SummaryThe alteration of rheological blood properties as well as deterioration of vascular perfusion conditions and cell-cell interactions are major determinants of thrombus formation. Herein, we present an experimental model which allows for quantitative in vivo microscopic analysis of these determinants during both thrombus formation and vascular recanalisation. The model does not require surgical preparation procedures, and enables for repeated analysis of identical microvessels over time periods of days or months, respectively.
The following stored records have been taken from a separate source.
text \<open>On \<open>Gamma_set c\<close> with \<open>c > 0\<close> the total population \<open>N = S + I\<close> of a pseudosolution
  satisfies \<open>N' \<ge> c / 2\<close> while staying in \<open>[0, 1]\<close>, so every pseudosolution lives on a time
  interval of length at most \<open>2 / c\<close>. There it is shadowed by the exact solution with the same
  initial value, which is explicit (\<open>N' = 1 - N\<close> is linear and \<open>I\<close> then solves a Bernoulli
  equation): the differences in \<open>N\<close> and in \<open>I\<close> obey linear equations with bounded coefficients
  and forcing of size \<open>O(\<epsilon>)\<close>, and an integrating factor bounds them on bounded intervals.

  On \<open>Gamma_set 0\<close> the point \<open>(1 - d, d)\<close> is an equilibrium up to a defect \<open>2 d\<^sup>2\<close>, but a true
  solution staying within \<open>d / 2\<close> of it loses infected population at rate at least \<open>d\<^sup>2 / 4\<close> and
  must leave within time \<open>8 / d\<close>. So Lipschitz shadowing with constant \<open>\<kappa>\<close> fails as soon as
  \<open>2 \<kappa> d\<^sup>2 < d / 2\<close>.\<close>

lemma DERIV_lower_bound_Icc:
  fixes f f' :: "real \<Rightarrow> real"
  assumes "a \<le> b"
    and "\<And>s. s \<in> {a..b} \<Longrightarrow> (f has_real_derivative f' s) (at s within {a..b})"
    and "\<And>s. s \<in> {a..b} \<Longrightarrow> B \<le> f' s"
  shows "B * (b - a) \<le> f b - f a"
proof -
  obtain s where s: "s \<in> {a..b}" "f b - f a = f' s * (b - a)"
    using mvt_very_simple[OF assms(1), of f "\<lambda>s. (*) (f' s)"] assms(2)
    by (auto simp: has_field_derivative_def)
  then show ?thesis
    using assms(1) assms(3)[OF s(1)] by (simp add: mult_right_mono)
qed

lemma DERIV_upper_bound_Icc:
  fixes f f' :: "real \<Rightarrow> real"
  assumes "a \<le> b"
    and "\<And>s. s \<in> {a..b} \<Longrightarrow> (f has_real_derivative f' s) (at s within {a..b})"
    and "\<And>s. s \<in> {a..b} \<Longrightarrow> f' s \<le> B"
  shows "f b - f a \<le> B * (b - a)"
proof -
  have "- B * (b - a) \<le> - f b - - f a"
    by (rule DERIV_lower_bound_Icc[OF assms(1)]) (use assms in \<open>auto intro: DERIV_minus\<close>)
  then show ?thesis by simp
qed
After i.v. administration of FITC-dextran thrombus formation was induced photochemically by light exposure to individual arterioles and venules of the ear of ten anaesthetised hairless mice. In venules, epiillumination induced rapid thrombus formation with first platelet deposition after 0.59 ± 0.04 min and complete vessel occlusion within 7.48 ±1.31 min. After a 24-h time period, 75% of the thrombosed venules were found recanalised. Marked leukocyte-endothelial cell interaction in those venules indicated persistent endothelial cell activation and/or injury, even after an observation period of 7 days. In arterioles, epi-illumination provoked vasomotion, while thrombus formation was significantly (p <0.05) delayed with first platelet deposition after 2.32 ± 0.22 min and complete vessel occlusion within 20.07 ±3.84 min. Strikingly, only one of the investigated arterioles was found recanalised after 24 h, which, however, did not show leukocyte-endothelial cell interaction. Heparin (300 U/kg, i.v.) effectively counteracted the process of thrombus formation in this model, including both first platelet deposition and vessel occlusion. We conclude that the model of the ear of the hairless mouse allows for distinct in vivo analysis of arteriolar and venular thrombus formation/ recanalisation, and, thus, represents an interesting tool for the study of novel antithrombotic and thrombolytic strategies, respectively.